• _What is being asked_:
Which lines run from the line with "theory Submission" through the line with "level we may" in the entries below? Print them exactly, both ends included, and nothing more.

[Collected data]
=====
(* Let $\mathbb P$ be an LTF, $n\ge1$, $P\in\mathbf{LC}_n(\mathbb P)$, and let $D\subseteq\mathbb P\times_{E_0}\mathbb P$ be open dense in $\mathbb P\times_{E_0}\mathbb P$. Then there is $Q\in\mathbf{LC}_n(\mathbb P)$ with $Q\subseteq_n P$ such that $\langle Q(\to s),Q(\to t)\rangle\in D$ whenever $s,t\in 2^n$ and $s(n-1)\ne t(n-1)$.
   Context: Notation. $2^{<\omega}$ is the set of finite binary strings, $\Lambda$ the empty string, $\mathrm{lh}(s)$ the length of $s$, $2^n$ the set of strings of length $n$, $s\subseteq t$ means $t$ extends $s$, $s^\frown t$ concatenation. For strings $s,t$ with $\mathrm{lh}(s)\le\mathrm{lh}(t)$, $s\cdot t$ is the string of length $\mathrm{lh}(t)$ with $(s\cdot t)(k)=t(k)+s(k)\bmod 2$ for $k<\mathrm{lh}(s)$ and $(s\cdot t)(k)=t(k)$ otherwise; if $\mathrm{lh}(s)>\mathrm{lh}(t)$ then $s\cdot t=(s\restriction\mathrm{lh}(t))\cdot t$. For $T\subseteq 2^{<\omega}$, $s\cdot T=\{s\cdot t:t\in T\}$. For a tree $T$ and $s\in T$, $T\upharpoonright s=\{t\in T:s\subseteq t\lor t\subseteq s\}$. A perfect tree is a nonempty tree $T\subseteq 2^{<\omega}$ with no endpoints and no isolated branches; its stem $\mathrm{stem}(T)$ is the largest $s\in T$ with $T=T\upharpoonright s$. A perfect tree $T$ is large, written $T\in\mathbf{LT}$, if there are nonempty strings $q^i_n$ ($n<\omega$, $i=0,1$) with $\mathrm{lh}(q^0_n)=\mathrm{lh}(q^1_n)\ge1$ and $q^i_n(0)=i$, such that $T$ consists exactly of all initial segments of strings $r^\frown q^{i(0)}_0{}^\frown\cdots{}^\frown q^{i(n)}_n$, where $r=\mathrm{stem}(T)$, $n<\omega$, $i(0),\dots,i(n)\in\{0,1\}$. Its splitting levels are $\mathrm{spl}_0(T)=\mathrm{lh}(r)$, $\mathrm{spl}_{n+1}(T)=\mathrm{spl}_n(T)+\mathrm{lh}(q^0_n)$. For $T\in\mathbf{LT}$ and $i\in\{0,1\}$, $T(\to i)=T\upharpoonright(\mathrm{stem}(T)^\frown i)$; for $s\in 2^n$ with $n\ge1$, $T(\to s)=(\cdots((T(\to s(0)))(\to s(1)))\cdots)(\to s(n-1))$, and $T(\to\Lambda)=T$. For $S,T\in\mathbf{LT}$ and $n<\omega$, $S\subseteq_n T$ means $S\subseteq T$ and $\mathrm{spl}_k(S)=\mathrm{spl}_k(T)$ for all $k<n$. A large-tree forcing notion (LTF) is a set $\mathbb P\subseteq\mathbf{LT}$ such that $T\upharpoonright u\in\mathbb P$ whenever $u\in T\in\mathbb P$, and $s\cdot T\in\mathbb P$ whenever $T\in\mathbb P$ and $s\in 2^{<\omega}$; it is ordered by inclusion (smaller trees are stronger conditions). A tree $T\in\mathbf{LT}$ is an $n$-collage over $\mathbb P$ if $T(\to s)\in\mathbb P$ for all $s\in 2^n$; $\mathbf{LC}_n(\mathbb P)$ denotes the set of such trees. The conditional product $\mathbb P\times_{E_0}\mathbb P$ is the set of pairs $\langle T,T'\rangle$ of trees $T,T'\in\mathbb P$ such that $T'=s\cdot T$ for some $s\in 2^{<\omega}$, ordered componentwise: $\langle S,S'\rangle\le\langle T,T'\rangle$ iff $S\subseteq T$ and $S'\subseteq T'$. *)

theory Defs
  imports Main "HOL-Library.Sublist"
begin

text \<open>Finite binary strings are bool lists (False = 0, True = 1);
  s \<subseteq> t (t extends s) is prefix s t; trees are sets of bool lists.\<close>

definition sdot :: "bool list \<Rightarrow> bool list \<Rightarrow> bool list" where
  "sdot s t = map (\<lambda>k. if k < length s then (t ! k \<noteq> s ! k) else t ! k) [0..<length t]"

definition sdot_tree :: "bool list \<Rightarrow> bool list set \<Rightarrow> bool list set" where
  "sdot_tree s T = sdot s ` T"

definition restr :: "bool list set \<Rightarrow> bool list \<Rightarrow> bool list set" where
  "restr T s = {t \<in> T. prefix s t \<or> prefix t s}"

definition perfect_tree :: "bool list set \<Rightarrow> bool" where
  "perfect_tree T \<longleftrightarrow> T \<noteq> {}
     \<and> (\<forall>u\<in>T. \<forall>v. prefix v u \<longrightarrow> v \<in> T)
     \<and> (\<forall>u\<in>T. \<exists>b. u @ [b] \<in> T)
     \<and> (\<forall>u\<in>T. \<exists>v. prefix u v \<and> v @ [False] \<in> T \<and> v @ [True] \<in> T)"

definition stem :: "bool list set \<Rightarrow> bool list" where
  "stem T = (THE s. s \<in> T \<and> T = restr T s \<and> (\<forall>u\<in>T. T = restr T u \<longrightarrow> prefix u s))"

text \<open>q witnesses largeness of T: q j i is the string q^i_j.\<close>
definition LT_witness :: "bool list set \<Rightarrow> (nat \<Rightarrow> bool \<Rightarrow> bool list) \<Rightarrow> bool" where
  "LT_witness T q \<longleftrightarrow>
     (\<forall>j i. length (q j False) = length (q j True) \<and> length (q j i) \<ge> 1 \<and> q j i ! 0 = i)
     \<and> T = {u. \<exists>n f. prefix u (stem T @ concat (map (\<lambda>j. q j (f j)) [0..<Suc n]))}"

definition LT :: "bool list set set" where
  "LT = {T. perfect_tree T \<and> (\<exists>q. LT_witness T q)}"

definition spl :: "bool list set \<Rightarrow> nat \<Rightarrow> nat" where
  "spl T k = length (stem T) + (\<Sum>j<k. length ((SOME q. LT_witness T q) j False))"

definition to1 :: "bool list set \<Rightarrow> bool \<Rightarrow> bool list set" where
  "to1 T i = restr T (stem T @ [i])"

definition to :: "bool list set \<Rightarrow> bool list \<Rightarrow> bool list set" where
  "to T s = foldl to1 T s"

definition subseteq_n :: "bool list set \<Rightarrow> nat \<Rightarrow> bool list set \<Rightarrow> bool" where
  "subseteq_n S n T \<longleftrightarrow> S \<subseteq> T \<and> (\<forall>k<n. spl S k = spl T k)"

definition LTF :: "bool list set set \<Rightarrow> bool" where
  "LTF P \<longleftrightarrow> P \<subseteq> LT
     \<and> (\<forall>T\<in>P. \<forall>u\<in>T. restr T u \<in> P)
     \<and> (\<forall>T\<in>P. \<forall>s. sdot_tree s T \<in> P)"

definition LC :: "nat \<Rightarrow> bool list set set \<Rightarrow> bool list set set" where
  "LC n P = {T \<in> LT. \<forall>s. length s = n \<longrightarrow> to T s \<in> P}"

definition cprod :: "bool list set set \<Rightarrow> (bool list set \<times> bool list set) set" where
  "cprod P = {(T, T'). T \<in> P \<and> T' \<in> P \<and> (\<exists>s. T' = sdot_tree s T)}"

definition cle :: "bool list set \<times> bool list set \<Rightarrow> bool list set \<times> bool list set \<Rightarrow> bool" where
  "cle p q \<longleftrightarrow> fst p \<subseteq> fst q \<and> snd p \<subseteq> snd q"

definition open_dense_in :: "(bool list set \<times> bool list set) set \<Rightarrow> (bool list set \<times> bool list set) set \<Rightarrow> bool" where
  "open_dense_in D X \<longleftrightarrow> D \<subseteq> X
     \<and> (\<forall>p\<in>D. \<forall>q\<in>X. cle q p \<longrightarrow> q \<in> D)
     \<and> (\<forall>p\<in>X. \<exists>q\<in>D. cle q p)"

end

theory Submission
  imports Defs
begin

text \<open>
  A large tree is determined by its stem r and its sequence of splitting segments q, and its
  cone T(\<rightarrow>x) at a node x of level n is again a large tree, with stem r followed by the segments
  chosen by x and with the remaining segments of T. Hence any two cones of the same level are
  translates of each other. For a single pair s, t of level-n nodes with different last bits, density
  gives a pair (A, w\<cdot>A) \<in> D below the pair of cones of s and t; shrinking A to a cone of large
  level we may assume that A and w\<cdot>A have long stems and the same splitting segments. Grafting these
  stems onto the (n-1)-st segment of T, for the respective last bit, yields a refinement whose cones
  at s and t are exactly A and w\<cdot>A, while all other level-n cones are translates of these two and
  hence still lie in the forcing. By openness of D, refinements preserve the pairs handled
  before, so finitely many such steps treat all pairs.
\<close>

lemma length_sdot [simp]: "length (sdot s t) = length t"
  by (simp add: sdot_def)

lemma nth_sdot: "i < length t \<Longrightarrow> sdot s t ! i = (if i < length s then t ! i \<noteq> s ! i else t ! i)"
  by (simp add: sdot_def)

lemma sdot_sdot [simp]: "sdot w (sdot w u) = u"
  by (rule nth_equalityI) (auto simp: nth_sdot)

lemma take_sdot: "take k (sdot w c) = sdot w (take k c)"
  by (rule nth_equalityI) (auto simp: nth_sdot)

lemma sdot_append: "length w \<le> length x \<Longrightarrow> sdot w (x @ y) = sdot w x @ y"
  by (rule nth_equalityI) (auto simp: nth_sdot nth_append)

lemma sdot_sdot_swap: "length x = length y \<Longrightarrow> sdot (sdot y x) y = x"
  by (rule nth_equalityI) (auto simp: nth_sdot)

lemma prefix_iff_take: "prefix a c \<longleftrightarrow> length a \<le> length c \<and> take (length a) c = a"
  by (auto simp: prefix_def) (metis append_take_drop_id)

lemma prefix_sdot_iff: "prefix (sdot w u) c \<longleftrightarrow> prefix u (sdot w c)"
  unfolding prefix_iff_take by (metis length_sdot sdot_sdot take_sdot)

lemma mem_sdot_tree: "u \<in> sdot_tree w T \<longleftrightarrow> sdot w u \<in> T"
  unfolding sdot_tree_def by (metis image_iff sdot_sdot)

lemma prefix_nth: "prefix u x \<Longrightarrow> k < length u \<Longrightarrow> u ! k = x ! k"
  by (auto simp: prefix_def nth_append)

lemma prefix_snoc_nth: "prefix u x \<Longrightarrow> length u < length x \<Longrightarrow> prefix (u @ [x ! length u]) x"
  unfolding prefix_iff_take by (auto simp: take_Suc_conv_app_nth)

section \<open>Large trees given by stem and splitting segments\<close>

definition branch :: "(nat \<Rightarrow> bool \<Rightarrow> bool list) \<Rightarrow> (nat \<Rightarrow> bool) \<Rightarrow> nat \<Rightarrow> bool list" where
  "branch q f N = concat (map (\<lambda>j. q j (f j)) [0..<N])"

definition lt_tree :: "bool list \<Rightarrow> (nat \<Rightarrow> bool \<Rightarrow> bool list) \<Rightarrow> bool list set" where
  "lt_tree r q = {u. \<exists>n f. prefix u (r @ branch q f (Suc n))}"

definition wf_segments :: "(nat \<Rightarrow> bool \<Rightarrow> bool list) \<Rightarrow> bool" where
  "wf_segments q \<longleftrightarrow>
     (\<forall>j i. length (q j False) = length (q j True) \<and> length (q j i) \<ge> 1 \<and> q j i ! 0 = i)"

lemma LT_witness_iff: "LT_witness T q \<longleftrightarrow> wf_segments q \<and> T = lt_tree (stem T) q"
  unfolding LT_witness_def wf_segments_def lt_tree_def branch_def by (rule refl)

lemma branch_0 [simp]: "branch q f 0 = []"
  by (simp add: branch_def)

lemma branch_Suc: "branch q f (Suc N) = branch q f N @ q N (f N)"
  by (simp add: branch_def)

lemma branch_Suc_left: "branch q f (Suc N) = q 0 (f 0) @ branch (\<lambda>j. q (Suc j)) (\<lambda>j. f (Suc j)) N"
  by (induction N) (auto simp: branch_Suc)

lemma branch_add: "branch q f (n + m) = branch q f n @ branch (\<lambda>j. q (j + n)) (\<lambda>j. f (j + n)) m"
  by (induction m) (auto simp: branch_Suc add.commute)

lemma branch_cong: "(\<And>j. j < N \<Longrightarrow> q j (f j) = q' j (g j)) \<Longrightarrow> branch q f N = branch q' g N"
  unfolding branch_def by (rule arg_cong[where f=concat]) auto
=====
• _Answer to the problem_:
theory Submission
  imports Defs
begin

text \<open>
  A large tree is determined by its stem r and its sequence of splitting segments q, and its
  cone T(\<rightarrow>x) at a node x of level n is again a large tree, with stem r followed by the segments
  chosen by x and with the remaining segments of T. Hence any two cones of the same level are
  translates of each other. For a single pair s, t of level-n nodes with different last bits, density
  gives a pair (A, w\<cdot>A) \<in> D below the pair of cones of s and t; shrinking A to a cone of large
  level we may assume that A and w\<cdot>A have long stems and the same splitting segments. Grafting these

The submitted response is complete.